Track by Track Review
Go On Back To Momma (From The Film "Gold")

I really like this cut a lot. It's a folk rocker in the 1960s tradition. It's classy stuff with a real classic sound.

She Was A Lady
A mellower cut, this is very much folk music related. It's a ballad that's quite pretty and poignant.
I Will Always Be Your Friend
A higher energy tune, this is melodic and folky. It has some definite psychedelia in the mix. I like this one a lot.
Heart Of The Roll
More classy folk rock is on hand here.

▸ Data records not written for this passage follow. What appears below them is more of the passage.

lemma agent_upds_LDir:
  assumes "(LDir, v) \<in> (\<Union>X\<in>A. agent_upds dc dop dmin X t s)"
  shows "v = VDir DClose \<and> (\<exists>x. Deadline s x = Fin t)
    \<or> v = VDir DOpen \<and> Controller \<in> A \<and> Dir s = DClose \<and> SafeToOpen dop t s"
proof -
  obtain X where "X \<in> A" "(LDir, v) \<in> agent_upds dc dop dmin X t s" using assms by blast
  then show ?thesis
    by (cases X) (auto simp: agent_upds_def gate_upds_def controller_upds_def split: if_splits)
qed

lemma agent_upds_LDeadline:
  assumes "(LDeadline x, v) \<in> (\<Union>X\<in>A. agent_upds dc dop dmin X t s)"
  shows "v = VDL (Fin (t + (dmin - dc))) \<and> TrackStatus s x = Coming
    \<or> v = VDL PInf \<and> TrackStatus s x = Empty \<and> xless (Deadline s x) PInf"
proof -
  obtain X where "X \<in> A" "(LDeadline x, v) \<in> agent_upds dc dop dmin X t s" using assms by blast
  then show ?thesis
    by (cases X) (auto simp: agent_upds_def gate_upds_def controller_upds_def split: if_splits)
qed

lemma Deadline_exec_agents:
  "Deadline (exec_agents dc dop dmin A t s) x \<in> {Deadline s x, Fin (t + (dmin - dc)), PInf}"
proof -
  let ?U = "\<Union>X\<in>A. agent_upds dc dop dmin X t s"
  have "getDL (new_val ?U s (LDeadline x)) \<in> {Deadline s x, Fin (t + (dmin - dc)), PInf}"
    if "consistent ?U"
  proof (cases "\<exists>v. (LDeadline x, v) \<in> ?U")
    case True
    then obtain v where v: "(LDeadline x, v) \<in> ?U" ..
    then show ?thesis
      using new_val_eq[OF that v] agent_upds_LDeadline[OF v] by auto
  qed (simp add: new_val_unchanged)
  then show ?thesis by (simp add: exec_agents_def fire_upds_def apply_upds_def)
qed

lemma Deadline_exec_agents_Empty:
  assumes "Controller \<in> A" "consistent (\<Union>X\<in>A. agent_upds dc dop dmin X t s)"
    and "TrackStatus s x = Empty"
  shows "Deadline (exec_agents dc dop dmin A t s) x = PInf"
proof -
  let ?U = "\<Union>X\<in>A. agent_upds dc dop dmin X t s"
  have "getDL (new_val ?U s (LDeadline x)) = PInf"
  proof (cases "Deadline s x")
    case (Fin r)
    with assms have "(LDeadline x, VDL PInf) \<in> ?U"
      by (force simp: agent_upds_def controller_upds_def)
    then show ?thesis using new_val_eq[OF assms(2)] by simp
  next
    case PInf
    then have "\<nexists>v. (LDeadline x, v) \<in> ?U" using agent_upds_LDeadline assms(3) by fastforce
    then show ?thesis using PInf by (simp add: new_val_unchanged)
  qed
  then show ?thesis using assms(2) by (simp add: exec_agents_def fire_upds_def apply_upds_def)
qed

lemma Dir_exec_agents_stays_open:
  assumes "Dir s = DOpen" "\<forall>x. Deadline s x \<noteq> Fin t"
  shows "Dir (exec_agents dc dop dmin A t s) = DOpen"
proof -
  let ?U = "\<Union>X\<in>A. agent_upds dc dop dmin X t s"
  have "\<nexists>v. (LDir, v) \<in> ?U"
  proof
    assume "\<exists>v. (LDir, v) \<in> ?U"
    then obtain v where "(LDir, v) \<in> ?U" ..
    from agent_upds_LDir[OF this] assms show False by auto
  qed
  then show ?thesis
    using assms(1) by (simp add: exec_agents_def fire_upds_def apply_upds_def new_val_unchanged)
qed

lemma Dir_exec_agents_opened:
  assumes "Dir s = DClose" "Dir (exec_agents dc dop dmin A t s) = DOpen"
  shows "Controller \<in> A \<and> SafeToOpen dop t s \<and> consistent (\<Union>X\<in>A. agent_upds dc dop dmin X t s)"
proof -
  let ?U = "\<Union>X\<in>A. agent_upds dc dop dmin X t s"
  have cons: "consistent ?U"
    using assms by (auto simp: exec_agents_def fire_upds_def split: if_splits)
  have "\<exists>v. (LDir, v) \<in> ?U"
  proof (rule ccontr)
    assume "\<nexists>v. (LDir, v) \<in> ?U"
    then show False
      using assms cons by (simp add: exec_agents_def fire_upds_def apply_upds_def new_val_unchanged)
  qed
  then obtain v where v: "(LDir, v) \<in> ?U" ..
  then have "getDir v = DOpen"
    using assms(2) cons new_val_eq[OF cons v] by (simp add: exec_agents_def fire_upds_def apply_upds_def)
  then show ?thesis using agent_upds_LDir[OF v] cons by auto
qed

definition open_until :: "real \<Rightarrow> 't rstate \<Rightarrow> bool" where
  "open_until c s \<longleftrightarrow> Dir s = DOpen \<and> (\<forall>x. \<not> xless (Deadline s x) (Fin c))"
(* Let $q,d,m\ge 1$ be integers and $\varepsilon\in[0,1)$. For $j=1,\ldots,m$ let $S_j=\{s_{j,1},s_{j,2},\ldots,s_{j,d}\}\subseteq\mathbb{Z}_q$ be $\varepsilon$-biased sets of size $d$ with $s_{j,1}=0$. Let $\{\ket{\ell_1},\ldots,\ket{\ell_d}\}$ be an orthonormal basis of $\mathbb{C}^d$. For $x\in\mathbb{Z}_q=\{0,1,\ldots,q-1\}$ define \[ \ket{\psi_j(x)}=\frac{1}{\sqrt d}\Big(\ket{\ell_1}+e^{i2\pi s_{j,2}x/q}\ket{\ell_2}+\cdots+e^{i2\pi s_{j,d}x/q}\ket{\ell_d}\Big),\qquad \ket{\psi(x)}=\ket{\psi_1(x)}\otimes\cdots\otimes\ket{\psi_m(x)}\in(\mathbb{C}^d)^{\otimes m}. \] Then the map $\psi:\mathbb{Z}_q\to(\mathbb{C}^{d})^{\otimes m}\cong\mathcal{H}^{d^m}$ is a quantum $\left(\frac{d^m}{q},\varepsilon^m\right)$-resistant hash function; that is, $\frac{d^m}{q}\le\frac{d^m}{q}$ (the state space dimension $d^m$ divided by the input set size $q$) and for all $x_1\neq x_2$ in $\mathbb{Z}_q$, $\left|\braket{\psi(x_1)}{\psi(x_2)}\right|\le\varepsilon^m$.
   Context: For $S=\{s_1,\ldots,s_d\}\subseteq\mathbb{Z}_q$ and $x\in\mathbb{Z}_q$, $\mathrm{bias}(S,x)=\frac{1}{|S|}\left|\sum_{s\in S}e^{2\pi i s x/q}\right|$; $S$ is $\varepsilon$-biased if $\mathrm{bias}(S,x)\le\varepsilon$ for all $x\ne 0$. Definition: for $\delta\in(0,1]$ and $\varepsilon\in[0,1)$, a function $\psi:\mathbb{X}\to\mathcal{H}^K$ (where $\mathcal{H}^K$ is a $K$-dimensional Hilbert space and $\mathbb{X}$ a finite set) is a quantum $(\delta,\varepsilon)$-resistant hash function if (i) ($\delta$-one-wayness) $K/|\mathbb{X}|\le\delta$, and (ii) ($\varepsilon$-collision-resistance) $|\braket{\psi(x_1)}{\psi(x_2)}|\le\varepsilon$ for every pair of distinct $x_1,x_2\in\mathbb{X}$. *)

theory Defs
  imports Complex_Main
begin

text \<open>Elements of Z_q are represented by the naturals 0..q-1.\<close>

definition bias :: "nat \<Rightarrow> nat set \<Rightarrow> nat \<Rightarrow> real" where
  "bias q S x = cmod (\<Sum>s\<in>S. exp (2 * pi * \<i> * of_nat s * of_nat x / of_nat q)) / real (card S)"

definition eps_biased :: "nat \<Rightarrow> nat set \<Rightarrow> real \<Rightarrow> bool" where
  "eps_biased q S \<epsilon> \<longleftrightarrow> S \<subseteq> {0..<q} \<and> (\<forall>x\<in>{0..<q}. x \<noteq> 0 \<longrightarrow> bias q S x \<le> \<epsilon>)"

text \<open>A K-dimensional Hilbert space is represented concretely as functions on a finite
  index set I with card I = K, with the standard inner product (antilinear in the first slot).\<close>

definition cinner :: "'i set \<Rightarrow> ('i \<Rightarrow> complex) \<Rightarrow> ('i \<Rightarrow> complex) \<Rightarrow> complex" where
  "cinner I u v = (\<Sum>i\<in>I. cnj (u i) * v i)"

definition quantum_resistant_hash ::
  "real \<Rightarrow> real \<Rightarrow> 'i set \<Rightarrow> 'x set \<Rightarrow> ('x \<Rightarrow> 'i \<Rightarrow> complex) \<Rightarrow> bool" where
  "quantum_resistant_hash \<delta> \<epsilon> I X \<psi> \<longleftrightarrow>
     finite I \<and> finite X \<and>
     real (card I) / real (card X) \<le> \<delta> \<and>
     (\<forall>x1\<in>X. \<forall>x2\<in>X. x1 \<noteq> x2 \<longrightarrow> cmod (cinner I (\<psi> x1) (\<psi> x2)) \<le> \<epsilon>)"

text \<open>Component state psi_j(x) in C^d (coordinates 0..d-1), given the elements
  s j k (k = 1..d) of S_j and an orthonormal basis l k (k = 1..d).\<close>

definition psi_comp :: "nat \<Rightarrow> nat \<Rightarrow> (nat \<Rightarrow> nat \<Rightarrow> nat) \<Rightarrow> (nat \<Rightarrow> nat \<Rightarrow> complex)
    \<Rightarrow> nat \<Rightarrow> nat \<Rightarrow> nat \<Rightarrow> complex" where
  "psi_comp q d s l j x c =
     (1 / of_real (sqrt (real d))) *
     (\<Sum>k\<in>{1..d}. exp (2 * pi * \<i> * of_nat (s j k) * of_nat x / of_nat q) * l k c)"

text \<open>(C^d)^{\<otimes>m} is represented as functions on index tuples (lists of length m with
  entries < d); the tensor product of vectors v_1,...,v_m has coordinates
  prod_j v_j(c_j).\<close>

definition tensor_index :: "nat \<Rightarrow> nat \<Rightarrow> nat list set" where
  "tensor_index d m = {c. length c = m \<and> set c \<subseteq> {0..<d}}"

definition psi_tensor :: "nat \<Rightarrow> nat \<Rightarrow> nat \<Rightarrow> (nat \<Rightarrow> nat \<Rightarrow> nat) \<Rightarrow> (nat \<Rightarrow> nat \<Rightarrow> complex)
    \<Rightarrow> nat \<Rightarrow> nat list \<Rightarrow> complex" where
  "psi_tensor q d m s l x c = (\<Prod>j\<in>{1..m}. psi_comp q d s l j x (c ! (j - 1)))"

end

theory Submission
  imports Defs "HOL-Analysis.Complex_Transcendental"
begin

text \<open>The inner product of two product states is the product of the inner products of their
  factors. By orthonormality of the basis, the inner product of the \<open>j\<close>-th factors at \<open>x\<^sub>1 < x\<^sub>2\<close>
  is \<open>(1/d) \<Sum>\<close> over \<open>s \<in> S\<^sub>j\<close> of \<open>exp (2\<pi>i s (x\<^sub>2 - x\<^sub>1) / q)\<close>, whose modulus is the bias of \<open>S\<^sub>j\<close>
  at \<open>x\<^sub>2 - x\<^sub>1 \<noteq> 0\<close>, hence at most \<open>\<epsilon>\<close>.\<close>

lemma sum_lists_length_prod:
  fixes f :: "nat \<Rightarrow> 'a \<Rightarrow> 'c::comm_semiring_1"
  assumes "finite A"
  shows "(\<Sum>c\<in>{xs. set xs \<subseteq> A \<and> length xs = m}. \<Prod>j<m. f j (c ! j)) = (\<Prod>j<m. \<Sum>a\<in>A. f j a)"
proof -
  have "(\<Prod>j<m. \<Sum>a\<in>A. f j a) = (\<Sum>g\<in>PiE {..<m} (\<lambda>_. A). \<Prod>j<m. f j (g j))"
    using assms by (intro prod_sum_PiE) auto
  also have "\<dots> = (\<Sum>c\<in>{xs. set xs \<subseteq> A \<and> length xs = m}. \<Prod>j<m. f j (c ! j))"
    by (rule sum.reindex_bij_witness[of _ "\<lambda>c. restrict (nth c) {..<m}" "\<lambda>g. map g [0..<m]"])
       (auto simp: PiE_def extensional_def set_conv_nth intro!: nth_equalityI)
  finally show ?thesis ..
qed

lemma tensor_index_eq: "tensor_index d m = {xs. set xs \<subseteq> {0..<d} \<and> length xs = m}"
  unfolding tensor_index_def by auto

lemma finite_tensor_index: "finite (tensor_index d m)"
  unfolding tensor_index_eq by (simp add: finite_lists_length_eq)

lemma card_tensor_index: "card (tensor_index d m) = d ^ m"
  unfolding tensor_index_eq by (simp add: card_lists_length_eq)

lemma cinner_commute: "cinner I u v = cnj (cinner I v u)"
  by (simp add: cinner_def mult.commute)

lemma cinner_scale: "cinner I (\<lambda>i. a * u i) (\<lambda>i. b * v i) = cnj a * b * cinner I u v"
  by (simp add: cinner_def sum_distrib_left mult_ac)

lemma cinner_orthonormal_expansion:
  assumes "\<And>k k'. k \<in> K \<Longrightarrow> k' \<in> K \<Longrightarrow> cinner I (l k) (l k') = (if k = k' then 1 else 0)"
    and "finite K"
  shows "cinner I (\<lambda>i. \<Sum>k\<in>K. a k * l k i) (\<lambda>i. \<Sum>k\<in>K. b k * l k i) = (\<Sum>k\<in>K. cnj (a k) * b k)"
proof -
  have "cinner I (\<lambda>i. \<Sum>k\<in>K. a k * l k i) (\<lambda>i. \<Sum>k\<in>K. b k * l k i)
      = (\<Sum>k\<in>K. \<Sum>k'\<in>K. cnj (a k) * b k' * cinner I (l k) (l k'))"
    unfolding cinner_def
    by (simp add: sum_distrib_left sum_distrib_right sum.swap[of _ I] mult_ac)
  also have "\<dots> = (\<Sum>k\<in>K. \<Sum>k'\<in>K. if k = k' then cnj (a k) * b k' else 0)"
    by (intro sum.cong refl) (simp add: assms(1))
  also have "\<dots> = (\<Sum>k\<in>K. cnj (a k) * b k)"
    using assms(2) by simp
  finally show ?thesis .
qed

lemma cinner_tensor_product:
  "cinner (tensor_index d m) (\<lambda>c. \<Prod>j\<in>{1..m}. u j (c ! (j - 1))) (\<lambda>c. \<Prod>j\<in>{1..m}. v j (c ! (j - 1)))
   = (\<Prod>j\<in>{1..m}. cinner {0..<d} (u j) (v j))"
proof -
  have "cinner (tensor_index d m) (\<lambda>c. \<Prod>j\<in>{1..m}. u j (c ! (j - 1))) (\<lambda>c. \<Prod>j\<in>{1..m}. v j (c ! (j - 1)))
      = (\<Sum>c\<in>tensor_index d m. \<Prod>j<m. cnj (u (Suc j) (c ! j)) * v (Suc j) (c ! j))"
    unfolding cinner_def
    by (simp add: prod.distrib[symmetric] prod.atLeast1_atMost_eq)
  also have "\<dots> = (\<Prod>j\<in>{1..m}. cinner {0..<d} (u j) (v j))"
    unfolding tensor_index_eq
      sum_lists_length_prod[where f = "\<lambda>j a. cnj (u (Suc j) a) * v (Suc j) a", OF finite_atLeastLessThan]
    by (simp add: prod.atLeast1_atMost_eq cinner_def)
  finally show ?thesis .
qed

abbreviation phase :: "nat \<Rightarrow> nat \<Rightarrow> nat \<Rightarrow> complex" where
  "phase q t x \<equiv> exp (2 * pi * \<i> * of_nat t * of_nat x / of_nat q)"

lemma cnj_phase_mult_phase:
  assumes "x1 \<le> x2"
  shows "cnj (phase q t x1) * phase q t x2 = phase q t (x2 - x1)"
proof -
  have "cnj (phase q t x1) = exp (- (2 * pi * \<i> * of_nat t * of_nat x1 / of_nat q))"
    by (simp add: exp_cnj)
  moreover have "- (2 * pi * \<i> * of_nat t * of_nat x1 / of_nat q) + 2 * pi * \<i> * of_nat t * of_nat x2 / of_nat q
      = (2 * pi * \<i> * of_nat t * of_nat (x2 - x1) / of_nat q :: complex)"
    using assms by (simp add: algebra_simps diff_divide_distrib)
  ultimately show ?thesis by (simp add: exp_add[symmetric])
qed

lemma cinner_psi_comp:
  assumes "\<And>k k'. k \<in> {1..d} \<Longrightarrow> k' \<in> {1..d} \<Longrightarrow>
           cinner {0..<d} (l k) (l k') = (if k = k' then 1 else 0)"
    and "x1 \<le> x2"
  shows "cinner {0..<d} (psi_comp q d s l j x1) (psi_comp q d s l j x2)
       = (\<Sum>k\<in>{1..d}. phase q (s j k) (x2 - x1)) / of_nat d"
proof -
  define r :: complex where "r = 1 / of_real (sqrt (real d))"
  have "cinner {0..<d} (psi_comp q d s l j x1) (psi_comp q d s l j x2)
      = cnj r * r * (\<Sum>k\<in>{1..d}. cnj (phase q (s j k) x1) * phase q (s j k) x2)"
    unfolding psi_comp_def r_def[symmetric] cinner_scale
    by (simp only: cinner_orthonormal_expansion[OF assms(1) finite_atLeastAtMost])
  also have "\<dots> = (\<Sum>k\<in>{1..d}. phase q (s j k) (x2 - x1)) / of_nat d"
    using assms(2) by (simp add: r_def cnj_phase_mult_phase flip: of_real_mult)
  finally show ?thesis .
qed

lemma norm_cinner_psi_comp_le:
  assumes "\<And>k k'. k \<in> {1..d} \<Longrightarrow> k' \<in> {1..d} \<Longrightarrow>
           cinner {0..<d} (l k) (l k') = (if k = k' then 1 else 0)"
    and "inj_on (s j) {1..d}" and "eps_biased q (s j ` {1..d}) \<epsilon>"
    and "x1 < x2" and "x2 < q"
  shows "cmod (cinner {0..<d} (psi_comp q d s l j x1) (psi_comp q d s l j x2)) \<le> \<epsilon>"
proof -
  have "cinner {0..<d} (psi_comp q d s l j x1) (psi_comp q d s l j x2)
      = (\<Sum>t\<in>s j ` {1..d}. phase q t (x2 - x1)) / of_nat (card (s j ` {1..d}))"
    using cinner_psi_comp[OF assms(1) less_imp_le[OF assms(4)]] assms(2)
    by (simp add: sum.reindex card_image del: of_nat_diff)
  then have "cmod (cinner {0..<d} (psi_comp q d s l j x1) (psi_comp q d s l j x2))
      = bias q (s j ` {1..d}) (x2 - x1)"
    by (simp add: bias_def norm_divide del: of_nat_diff)
  also have "\<dots> \<le> \<epsilon>"
    using assms(3-5) unfolding eps_biased_def by auto
  finally show ?thesis .
qed

theorem theorem1:
  fixes q d m :: nat and \<epsilon> :: real
    and s :: "nat \<Rightarrow> nat \<Rightarrow> nat" and l :: "nat \<Rightarrow> nat \<Rightarrow> complex"
  assumes "q \<ge> 1" and "d \<ge> 1" and "m \<ge> 1"
    and "0 \<le> \<epsilon>" and "\<epsilon> < 1"
    and "\<And>j. j \<in> {1..m} \<Longrightarrow> inj_on (s j) {1..d}"
    and "\<And>j. j \<in> {1..m} \<Longrightarrow> s j ` {1..d} \<subseteq> {0..<q}"
    and "\<And>j. j \<in> {1..m} \<Longrightarrow> s j 1 = 0"
    and "\<And>j. j \<in> {1..m} \<Longrightarrow> eps_biased q (s j ` {1..d}) \<epsilon>"
    and "\<And>k k'. k \<in> {1..d} \<Longrightarrow> k' \<in> {1..d} \<Longrightarrow>
           cinner {0..<d} (l k) (l k') = (if k = k' then 1 else 0)"
  shows "quantum_resistant_hash (real d ^ m / real q) (\<epsilon> ^ m)
           (tensor_index d m) {0..<q} (psi_tensor q d m s l)"
proof -
  let ?\<psi> = "psi_tensor q d m s l"
  have ordered_collision: "cmod (cinner (tensor_index d m) (?\<psi> x1) (?\<psi> x2)) \<le> \<epsilon> ^ m"
    if "x1 < x2" and "x2 < q" for x1 x2
  proof -
    have "cmod (cinner (tensor_index d m) (?\<psi> x1) (?\<psi> x2))
        = (\<Prod>j\<in>{1..m}. cmod (cinner {0..<d} (psi_comp q d s l j x1) (psi_comp q d s l j x2)))"
      using cinner_tensor_product[where d = d
          and u = "\<lambda>j. psi_comp q d s l j x1" and v = "\<lambda>j. psi_comp q d s l j x2"]
      by (simp add: psi_tensor_def[abs_def] prod_norm)
    also have "\<dots> \<le> (\<Prod>j\<in>{1..m}. \<epsilon>)"
      using that
      by (intro prod_mono conjI norm_ge_zero norm_cinner_psi_comp_le[OF assms(10) assms(6,9)]) auto
    finally show ?thesis by simp
  qed
  have "cmod (cinner (tensor_index d m) (?\<psi> x1) (?\<psi> x2)) \<le> \<epsilon> ^ m"
    if "x1 < q" and "x2 < q" and "x1 \<noteq> x2" for x1 x2
  proof (cases "x1 < x2")
    case True
    then show ?thesis using ordered_collision that(2) by blast
  next
    case False
    then have "x2 < x1" using that(3) by simp
    then show ?thesis using ordered_collision that(1) by (subst cinner_commute) simp
  qed
  then show ?thesis
    unfolding quantum_resistant_hash_def by (simp add: finite_tensor_index card_tensor_index)
qed

end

This isn't a huge change, but it does have some cool guitar soloing.
I Would Be Confessed
This mellower, pretty cut is very much the kind of thing that made up a lot of soft rock in the 70s.
Spanish Hope
Here we get a very pretty instrumental. It lands near the realm of folk prog.
Blind Men's Stepping Stones
This feels like a cross between Bob Dylan and the Byrds. It's a classy tune with both rock and folk in the mix.
Lord Offaly
There is a bluesy kind of vibe to this. Yet it's a rock song based on folk concepts. It's a powerful tune with a definite slice of folk prog in the mix. There is a reason this is the title track. It's one of the most distinctive and powerful things here. It has a haunting, almost stripped back arrangement. At over six and a half minutes in length, it's also the longest track here.
The Prisoner
This is more of a pure folk cut. The overlayers of sound lend something akin to world music based prog. It's a strong tune.
The Gypsy

More of a folk rocker, this is classy stuff for sure. It's a niec way to end things in style.